Aside from clothes, we also need to provide for shelter. These are the essential camping equipment every bug out bag should contain.

Legacy Food Storage
  • A Waterproof Tent: This is important if we are going to be sleeping outside in the cold.
  • Bivy Sack: Another option is a bivy sack, which is like a cover we can slip on to our sleeping bag. This is more lightweight than a tent and easier to carry.
  • Sleeping Bags: These should be waterproof, of good quality, and with heat insulation properties.
  • Thermal Blankets: These are both necessary in case there in an emergency, as well as to add more heat while we’re sleeping at night.
  • Swiss Army Knife: Wide variet of used, including in self defense.
  • Small Hatchet and Shovel: The hatchet helps us chop wood to make a fire, and the shovel is necessary to remove snow around the camping area.
  • Parachords: Wide variety of winter survival uses, such as tying equipment to to the bug out bag, or or while building the tent.
  • Flares or other Signals: If we get lost during winter, we need to ensure we are found as soon as possible. Without this, we risk dying in the cold. A flare or other signalling device can help people find us in case our phones don’t have signal or have run out of charge.
  • Lights with Extra Batteries: Headlamps, flashlights, emergency lights – these are necessary camping equipment that should also be in our winter bug out bags.

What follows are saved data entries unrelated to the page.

lemma factor_at_power: "factor_at u 0 (concat (replicate N u))"
proof (induct N)
  case (Suc N)
  then have "factor_at u (0 + length u) (concat (replicate N u))"
    unfolding factor_at_def by (simp add: mod_add_left_eq[symmetric])
  moreover have "factor_at u 0 u" by (simp add: factor_at_def)
  ultimately show ?case by (simp only: factor_at_append concat_replicate_trivial replicate_Suc concat.simps)
qed (simp add: factor_at_def)

lemma card_short_cyclic_factors:
  assumes "u \<noteq> []"
  shows "card {v. cyclic_factor u v \<and> length v < R} \<le> length u * R"
proof -
  let ?f = "\<lambda>(r, l). map (\<lambda>i. u ! ((r + i) mod length u)) [0..<l]"
  have "{v. cyclic_factor u v \<and> length v < R} \<subseteq> ?f ` ({..<length u} \<times> {..<R})"
  proof
    fix v assume "v \<in> {v. cyclic_factor u v \<and> length v < R}"
    then obtain r where "factor_at u r v" "length v < R" by (auto simp: cyclic_factor_def)
    then show "v \<in> ?f ` ({..<length u} \<times> {..<R})"
      unfolding factor_at_def using assms
      by (intro image_eqI[where x = "(r mod length u, length v)"] nth_equalityI)
         (auto simp: mod_add_left_eq)
  qed
  then have "card {v. cyclic_factor u v \<and> length v < R} \<le> card (?f ` ({..<length u} \<times> {..<R}))"
    by (intro card_mono) auto
  also have "\<dots> \<le> length u * R"
    using card_image_le[of "{..<length u} \<times> {..<R}" ?f] by (simp add: card_cartesian_product)
  finally show ?thesis .
qed

text \<open>Every piece that is not a cyclic factor of \<open>u\<close> starts inside \<open>p\<close>.\<close>

lemma length_filter_not_cyclic_factor:
  "concat qs = p @ v \<Longrightarrow> factor_at u r v \<Longrightarrow> (\<forall>q \<in> set qs. q \<noteq> []) \<Longrightarrow>
   length (filter (\<lambda>q. \<not> cyclic_factor u q) qs) \<le> length p"
proof (induct qs arbitrary: p v r)
  case (Cons q qs)
  show ?case
  proof (cases "length q < length p")
    case True
    then obtain p' where p': "p = q @ p'" using Cons(2)
      by (metis append_eq_append_conv_if append_eq_conv_conj concat.simps(2) less_imp_le_nat)
    then have "concat qs = p' @ v" using Cons(2) by simp
    then have "length (filter (\<lambda>q. \<not> cyclic_factor u q) qs) \<le> length p'"
      using Cons(1,3,4) by auto
    moreover have "1 \<le> length q" using Cons(4) by (simp add: Suc_le_eq)
    moreover have "length (filter (\<lambda>q. \<not> cyclic_factor u q) (q # qs)) \<le>
        1 + length (filter (\<lambda>q. \<not> cyclic_factor u q) qs)" by simp
    ultimately show ?thesis using p' by simp
  next
    case False
    then obtain s where s: "q = p @ s" "v = s @ concat qs" using Cons(2)
      by (metis append_eq_append_conv_if append_eq_conv_conj concat.simps(2) not_less)
    then have "factor_at u (r + length s) (concat qs)" using Cons(3) by (simp add: factor_at_append)
    then have "filter (\<lambda>q. \<not> cyclic_factor u q) qs = []"
      by (auto simp: filter_empty_conv dest: factor_at_concat)
    moreover have "p = [] \<Longrightarrow> cyclic_factor u q"
      using s Cons(3) by (auto simp: factor_at_append cyclic_factor_def)
    ultimately show ?thesis by (cases p) auto
  qed
qed simp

These items will help us build shelter in the cold, and stay warm outside. But there is more to winter survival than just warmth and shelter.

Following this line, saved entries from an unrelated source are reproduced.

(* Let $\Gamma=\{0=\rho_1<\rho_2<\cdots\}$ be an Arf numerical semigroup and $d_i=\rho_{i+1}-\rho_i$ for $i\ge1$. If $i\ge2$ and $d_i<d_{i-1}$, then \[ |\mathrm{Ap}(\Gamma,d_i)|=i-1+d_i. \]
   Context: A numerical semigroup is a subset of $\mathbb N$ containing $0$, closed under addition, with finite complement; its elements listed increasingly are $\rho_1<\rho_2<\cdots$. $\Gamma$ is Arf if $\rho_i+\rho_j-\rho_k\in\Gamma$ for all $i\ge j\ge k$. For $x\in\mathbb Z$, $\mathrm{Ap}(\Gamma,x)=\{s\in\Gamma: s-x\notin\Gamma\}$. *)

theory Defs
  imports Main "HOL-Library.Infinite_Set"
begin

definition numerical_semigroup :: "nat set \<Rightarrow> bool" where
  "numerical_semigroup S \<longleftrightarrow>
     0 \<in> S \<and> (\<forall>a\<in>S. \<forall>b\<in>S. a + b \<in> S) \<and> finite (UNIV - S)"

text \<open>The elements listed increasingly, 1-indexed: rho S 1 = 0 < rho S 2 < ...\<close>
definition rho :: "nat set \<Rightarrow> nat \<Rightarrow> nat" where
  "rho S i = enumerate S (i - 1)"

definition arf :: "nat set \<Rightarrow> bool" where
  "arf S \<longleftrightarrow> (\<forall>i j k. 1 \<le> k \<and> k \<le> j \<and> j \<le> i \<longrightarrow>
      int (rho S i) + int (rho S j) - int (rho S k) \<in> int ` S)"

definition apery :: "nat set \<Rightarrow> int \<Rightarrow> nat set" where
  "apery S x = {s \<in> S. int s - x \<notin> int ` S}"

definition dgap :: "nat set \<Rightarrow> nat \<Rightarrow> nat" where
  "dgap S i = rho S (i + 1) - rho S i"

end

theory Submission
  imports Defs
begin

text \<open>Write \<open>p = \<rho>\<^sub>i\<close> and \<open>d = d\<^sub>i\<close>. The Arf property makes the gaps
\<open>d\<^sub>1 \<ge> d\<^sub>2 \<ge> \<dots>\<close> nonincreasing, and it makes the elements of \<open>\<Gamma>\<close> above \<open>p\<close> closed
under adding \<open>d\<close>. Below \<open>p\<close>, any two elements of \<open>\<Gamma>\<close> differ by at least
\<open>d\<^sub>i\<^sub>-\<^sub>1 > d\<close>, so the \<open>i - 1\<close> elements \<open>\<rho>\<^sub>1, \<dots>, \<rho>\<^sub>i\<^sub>-\<^sub>1\<close> all lie in
\<open>Ap(\<Gamma>, d)\<close>. From \<open>p\<close> on, \<open>Ap(\<Gamma>, d)\<close> coincides with the Apery set of the
cofinite, \<open>d\<close>-closed set \<open>{x \<in> \<Gamma>. p \<le> x}\<close>, which contains exactly one element
(the least one) of every residue class modulo \<open>d\<close>.\<close>

lemma numerical_semigroup_infinite: "numerical_semigroup S \<Longrightarrow> infinite S"
  unfolding numerical_semigroup_def
  by (metis finite_Diff2 infinite_UNIV_nat)

lemma mem_apery_nat_iff:
  "x \<in> apery T (int d) \<longleftrightarrow> x \<in> T \<and> (d \<le> x \<longrightarrow> x - d \<notin> T)"
proof -
  have "int x - int d \<in> int ` T \<longleftrightarrow> d \<le> x \<and> x - d \<in> T"
  proof
    assume "int x - int d \<in> int ` T"
    then obtain y where "y \<in> T" "int x - int d = int y"
      by blast
    moreover have "x = y + d"
      using \<open>int x - int d = int y\<close> by linarith
    ultimately show "d \<le> x \<and> x - d \<in> T"
      by simp
  next
    assume "d \<le> x \<and> x - d \<in> T"
    then have "int x - int d = int (x - d)" "x - d \<in> T"
      by (simp_all add: of_nat_diff)
    then show "int x - int d \<in> int ` T"
      by (rule image_eqI)
  qed
  then show ?thesis
    unfolding apery_def by blast
qed

lemma add_mult_mem:
  fixes T :: "nat set"
  assumes "\<forall>x\<in>T. x + d \<in> T" "x \<in> T"
  shows "x + d * k \<in> T"
proof (induction k)
  case (Suc k)
  then have "x + d * k + d \<in> T"
    using assms(1) by blast
  then show ?case
    by (simp add: algebra_simps)
qed (use assms(2) in simp)

lemma inj_on_mod_apery:
  fixes T :: "nat set"
  assumes closed: "\<forall>x\<in>T. x + d \<in> T"
  shows "inj_on (\<lambda>x. x mod d) (apery T (int d))"
proof -
  have "x = y"
    if x: "x \<in> apery T (int d)" and y: "y \<in> apery T (int d)"
      and "x mod d = y mod d" "x \<le> y" for x y
  proof (rule ccontr)
    assume "x \<noteq> y"
    have "d dvd y - x"
      using mod_eq_dvd_iff_nat[OF \<open>x \<le> y\<close>, of d] \<open>x mod d = y mod d\<close> by simp
    then obtain k where k: "y - x = d * k"
      by (elim dvdE)
    with \<open>x \<noteq> y\<close> \<open>x \<le> y\<close> obtain j where "k = Suc j"
      by (cases k) auto
    with k \<open>x \<le> y\<close> have "d \<le> y" "y - d = x + d * j"
      by auto
    moreover have "x + d * j \<in> T"
      using add_mult_mem[OF closed] x by (simp add: mem_apery_nat_iff)
    ultimately show False
      using y by (simp add: mem_apery_nat_iff)
  qed
  then show ?thesis
    unfolding inj_on_def by (metis nat_le_linear)
qed

lemma mod_image_apery:
  fixes T :: "nat set"
  assumes "0 < d" and "finite (UNIV - T)"
  shows "(\<lambda>x. x mod d) ` apery T (int d) = {..<d}"
proof (intro equalityI subsetI)
  fix r
  assume "r \<in> {..<d}"
  obtain N where N: "\<And>y. N \<le> y \<Longrightarrow> y \<in> T"
    using \<open>finite (UNIV - T)\<close> by (metis DiffI UNIV_I finite_nat_set_iff_bounded not_le)
  define M where "M = {x \<in> T. x mod d = r}"
  define s where "s = (LEAST x. x \<in> M)"
  have "N \<le> r + d * N"
    using \<open>0 < d\<close> by (simp add: trans_le_add2)
  then have "r + d * N \<in> M"
    using N \<open>r \<in> {..<d}\<close> unfolding M_def by simp
  then have "s \<in> M"
    unfolding s_def by (rule LeastI)
  then have s: "s \<in> T" "s mod d = r"
    unfolding M_def by auto
  have "s - d \<notin> T" if "d \<le> s"
  proof
    assume "s - d \<in> T"
    with s that have "s - d \<in> M"
      unfolding M_def by (simp add: le_mod_geq)
    then have "s \<le> s - d"
      unfolding s_def by (rule Least_le)
    with \<open>0 < d\<close> that show False
      by linarith
  qed
  with s show "r \<in> (\<lambda>x. x mod d) ` apery T (int d)"
    by (force simp: mem_apery_nat_iff)
qed (use \<open>0 < d\<close> in auto)

lemma card_apery_translation_closed:
  fixes T :: "nat set"
  assumes "0 < d" "\<forall>x\<in>T. x + d \<in> T" "finite (UNIV - T)"
  shows "card (apery T (int d)) = d"
  using card_image[OF inj_on_mod_apery[OF assms(2)]] mod_image_apery[OF assms(1,3)] by simp

lemma card_less_enumerate:
  fixes S :: "nat set"
  assumes "infinite S"
  shows "card {x \<in> S. x < enumerate S m} = m"
proof -
  have "{x \<in> S. x < enumerate S m} = enumerate S ` {..<m}"
  proof (intro equalityI subsetI)
    fix x
    assume "x \<in> {x \<in> S. x < enumerate S m}"
    with enumerate_Ex[OF assms] obtain j where "enumerate S j = x" "x < enumerate S m"
      by blast
    with assms show "x \<in> enumerate S ` {..<m}"
      by auto
  qed (use assms enumerate_in_set in auto)
  then show ?thesis
    using inj_enumerate[OF assms] by (simp add: card_image inj_on_subset)
qed

lemma enumerate_eq_if_between:
  fixes S :: "nat set"
  assumes "infinite S" "x \<in> S" "enumerate S m \<le> x" "x < enumerate S (Suc m)"
  shows "x = enumerate S m"
proof -
  obtain j where j: "enumerate S j = x"
    using enumerate_Ex[OF assms(1,2)] by blast
  then have "m \<le> j" "j < Suc m"
    using assms by (metis enumerate_mono_le_iff enumerate_mono_iff)+
  then show ?thesis
    using j by (metis le_antisym less_Suc_eq_le)
qed

lemma arf_enumerate:
  assumes "arf S" "infinite S" "c \<le> b" "b \<le> a"
  shows "enumerate S a + enumerate S b - enumerate S c \<in> S"
proof -
  have "int (rho S (a + 1)) + int (rho S (b + 1)) - int (rho S (c + 1)) \<in> int ` S"
    using assms(1,3,4) unfolding arf_def by auto
  then obtain x where x: "x \<in> S"
    "int (enumerate S a) + int (enumerate S b) - int (enumerate S c) = int x"
    unfolding rho_def by auto
  have "enumerate S c \<le> enumerate S b"
    using assms by simp
  with x(2) have "x = enumerate S a + enumerate S b - enumerate S c"
    by linarith
  with x(1) show ?thesis
    by simp
qed

lemma arf_gap_Suc_le:
  assumes "arf S" "infinite S"
  shows "enumerate S (Suc (Suc k)) - enumerate S (Suc k)
           \<le> enumerate S (Suc k) - enumerate S k"
proof -
  let ?e = "enumerate S"
  have "?e (Suc k) + ?e (Suc k) - ?e k \<in> S"
    using arf_enumerate[OF assms] by simp
  then obtain m where m: "?e m = ?e (Suc k) + ?e (Suc k) - ?e k"
    using enumerate_Ex[OF assms(2)] by blast
  have lt: "?e k < ?e (Suc k)"
    using assms(2) by simp
  then have "?e (Suc k) < ?e m"
    using m by linarith
  then have "Suc k < m"
    using assms(2) by simp
  then have "?e (Suc (Suc k)) \<le> ?e m"
    using assms(2) by simp
  then show ?thesis
    using m lt by linarith
qed

lemma arf_gap_antimono:
  assumes "arf S" "infinite S" "k \<le> n"
  shows "enumerate S (Suc n) - enumerate S n \<le> enumerate S (Suc k) - enumerate S k"
  using assms(3)
proof (induction n rule: dec_induct)
  case (step m)
  then show ?case
    using arf_gap_Suc_le[OF assms(1,2), of m] by linarith
qed simp

lemma arf_gap_le_diff:
  assumes "arf S" "infinite S" "a < b" "b \<le> Suc n"
  shows "enumerate S (Suc n) - enumerate S n \<le> enumerate S b - enumerate S a"
proof -
  obtain c where c: "b = Suc c"
    using assms(3) by (cases b) auto
  have "enumerate S (Suc n) - enumerate S n \<le> enumerate S (Suc c) - enumerate S c"
    using arf_gap_antimono[OF assms(1,2)] c assms(4) by simp
  moreover have "enumerate S a \<le> enumerate S c" "enumerate S c < enumerate S (Suc c)"
    using assms c by simp_all
  ultimately show ?thesis
    unfolding c by linarith
qed

lemma arf_add_gap_mem:
  assumes "arf S" "infinite S" "x \<in> S" "enumerate S n \<le> x"
  shows "x + (enumerate S (Suc n) - enumerate S n) \<in> S"
proof (cases "x = enumerate S n")
  case True
  then show ?thesis
    using enumerate_in_set[OF assms(2)] enumerate_step[OF assms(2), of n] by simp
next
  case False
  obtain j where j: "enumerate S j = x"
    using enumerate_Ex[OF assms(2,3)] by blast
  have "n \<le> j"
    using assms(2,4) by (simp flip: j)
  moreover have "j \<noteq> n"
    using False j by blast
  ultimately have "Suc n \<le> j"
    by simp
  then have "x + enumerate S (Suc n) - enumerate S n \<in> S"
    using arf_enumerate[OF assms(1,2), of n "Suc n" j] j by simp
  then show ?thesis
    using enumerate_step[OF assms(2), of n] by simp
qed

text \<open>Any two elements of \<open>S\<close> up to \<open>enumerate S (Suc n)\<close> differ by at least
the gap ending there, so none of them drops by a smaller \<open>d\<close> into \<open>S\<close>.\<close>

lemma arf_mem_apery_upto:
  assumes "arf S" "infinite S" "0 < d" "d < enumerate S (Suc n) - enumerate S n"
    and "x \<in> S" "x \<le> enumerate S (Suc n)"
  shows "x \<in> apery S (int d)"
proof -
  have False if "d \<le> x" "x - d \<in> S"
  proof -
    obtain b a where b: "enumerate S b = x" and a: "enumerate S a = x - d"
      using enumerate_Ex[OF assms(2)] \<open>x \<in> S\<close> \<open>x - d \<in> S\<close> by metis
    have "enumerate S a < enumerate S b"
      using a b that assms(3) by simp
    then have "a < b"
      using assms(2) by simp
    moreover have "b \<le> Suc n"
      using assms(2,6) by (simp flip: b)
    ultimately have "enumerate S (Suc n) - enumerate S n \<le> enumerate S b - enumerate S a"
      by (rule arf_gap_le_diff[OF assms(1,2)])
    then show False
      using a b that assms(4) by linarith
  qed
  then show ?thesis
    using \<open>x \<in> S\<close> by (force simp: mem_apery_nat_iff)
qed

lemma arf_apery_split:
  fixes S :: "nat set" and n :: nat
  defines "p \<equiv> enumerate S (Suc n)"
    and "d \<equiv> enumerate S (Suc (Suc n)) - enumerate S (Suc n)"
  assumes "arf S" "infinite S" "d < enumerate S (Suc n) - enumerate S n"
  shows "apery S (int d) = {x \<in> S. x < p} \<union> apery {x \<in> S. p \<le> x} (int d)"
proof (intro equalityI subsetI)
  fix x
  assume "x \<in> apery S (int d)"
  then show "x \<in> {x \<in> S. x < p} \<union> apery {x \<in> S. p \<le> x} (int d)"
    by (auto simp: mem_apery_nat_iff)
next
  fix x
  assume x: "x \<in> {x \<in> S. x < p} \<union> apery {x \<in> S. p \<le> x} (int d)"
  have next_p: "enumerate S (Suc (Suc n)) = p + d"
    using enumerate_step[OF assms(4), of "Suc n"] unfolding p_def d_def by simp
  then have d0: "0 < d"
    using enumerate_step[OF assms(4), of "Suc n"] unfolding p_def by simp
  have p: "p \<in> apery S (int d)"
    using arf_mem_apery_upto[OF assms(3,4) d0 assms(5)] enumerate_in_set[OF assms(4)] p_def by simp
  show "x \<in> apery S (int d)"
  proof (cases "x < p")
    case True
    then have "x \<in> S"
      using x by (auto simp: mem_apery_nat_iff)
    with True show ?thesis
      using arf_mem_apery_upto[OF assms(3,4) d0 assms(5)] p_def by simp
  next
    case False
    then have "x \<in> S" "p \<le> x" and no_drop: "d \<le> x \<Longrightarrow> x - d \<notin> {x \<in> S. p \<le> x}"
      using x by (auto simp: mem_apery_nat_iff)
    \<comment> \<open>a drop by \<open>d\<close> below \<open>p\<close> forces \<open>x < p + d\<close>, i.e. \<open>x = p\<close>\<close>
    have "x - d \<notin> S" if "d \<le> x"
    proof
      assume "x - d \<in> S"
      then have "x < enumerate S (Suc (Suc n))"
        using no_drop that next_p by auto
      then have "x = p"
        using enumerate_eq_if_between[OF assms(4) \<open>x \<in> S\<close>] \<open>p \<le> x\<close> p_def by simp
      with p \<open>x - d \<in> S\<close> that show False
        by (simp add: mem_apery_nat_iff)
    qed
    with \<open>x \<in> S\<close> show ?thesis
      by (simp add: mem_apery_nat_iff)
  qed
qed

lemma arf_card_apery_above:
  fixes S :: "nat set" and n :: nat
  defines "d \<equiv> enumerate S (Suc n) - enumerate S n"
  assumes "numerical_semigroup S" "arf S"
  shows "card (apery {x \<in> S. enumerate S n \<le> x} (int d)) = d"
proof (rule card_apery_translation_closed)
  have inf: "infinite S"
    using assms(2) by (rule numerical_semigroup_infinite)
  then show "0 < d"
    unfolding d_def by simp
  show "\<forall>x\<in>{x \<in> S. enumerate S n \<le> x}. x + d \<in> {x \<in> S. enumerate S n \<le> x}"
    using arf_add_gap_mem[OF assms(3) inf] unfolding d_def by auto
  have "UNIV - {x \<in> S. enumerate S n \<le> x} \<subseteq> (UNIV - S) \<union> {..<enumerate S n}"
    by auto
  then show "finite (UNIV - {x \<in> S. enumerate S n \<le> x})"
    using assms(2) unfolding numerical_semigroup_def by (auto intro: finite_subset)
qed

theorem corollary3p4:
  fixes S :: "nat set" and i :: nat
  assumes "numerical_semigroup S" and "arf S"
    and "i \<ge> 2" and "dgap S i < dgap S (i - 1)"
  shows "card (apery S (int (dgap S i))) = i - 1 + dgap S i"
proof -
  have inf: "infinite S"
    using assms(1) by (rule numerical_semigroup_infinite)
  obtain n where i: "i = Suc (Suc n)"
    using assms(3) by (metis add_2_eq_Suc le_Suc_ex)
  define p where "p = enumerate S (Suc n)"
  define d where "d = enumerate S (Suc (Suc n)) - enumerate S (Suc n)"
  have d: "dgap S i = d" "d < enumerate S (Suc n) - enumerate S n" "0 < d"
    using assms(4) inf unfolding dgap_def rho_def d_def i by simp_all
  let ?A = "apery {x \<in> S. p \<le> x} (int d)"
  have "card ?A = d"
    using arf_card_apery_above[OF assms(1,2)] unfolding p_def d_def .
  moreover have "card {x \<in> S. x < p} = Suc n"
    unfolding p_def using card_less_enumerate[OF inf] .
  ultimately have "card ({x \<in> S. x < p} \<union> ?A) = Suc n + d"
    using d(3) by (subst card_Un_disjoint) (auto simp: mem_apery_nat_iff intro: card_ge_0_finite)
  moreover have "apery S (int d) = {x \<in> S. x < p} \<union> ?A"
    using arf_apery_split[OF assms(2) inf] d(2) unfolding p_def d_def by blast
  ultimately show ?thesis
    using d(1) i by simp
qed

end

Food, Water and Communication

We need food and water to survive, and we can’t depend on the great outdoors to supply us with what we need during the barren winter months.

That’s why we need to prepare in advance. Communication devices are also important for bug out bags, especially as modern technology can mess up. In case our phones aren’t working, we need to add a backup communication device to our bug out bag.

  1. MRE’s or Easy to Cook Meals: The food we carry should both be light on our backs, and nutritious at the same time. MRE’s or Meals Ready to Eat are a great choice is we don’t want to cook, or don’t want to carry a stove or utensils. Dried and preserved food like dried fruits, beef jerky, or canned food make great additions to any winter survival menu. Chocolate and granola bars are other food items you should store in your bug out bag.
  2. A Portable Stove and Utensils: Forks, spoons, bowls and containers are also necessary.
  3. Insulated Water Container: We can use these to store warm room temperature water. Hot tea or coffee are other great ways to use the container.
  4. Compass and a Map: We should know the area we are going to very well. It’s easy to get lost in the snow, especially if there is a storm. A compass will help us find direction, even if we can’t use our phones. Studying the map, or at least knowing how to study it is a necessary skill for any winter survivalist.
  5. Two Person Radio:While we always carry our cell phones, they can fail us on occassions. During winter, this can be a disaster. Packing a two person radio communication device helps us stay in touch with people if our phones fail us.
  6. First Aid Kit

Bug out bags are of different sizes, but winter bug out bags should be bigger than other survival bags. We need to carry more equipment for winter survival, so we should look for a waterproof bug out bag with lots of space.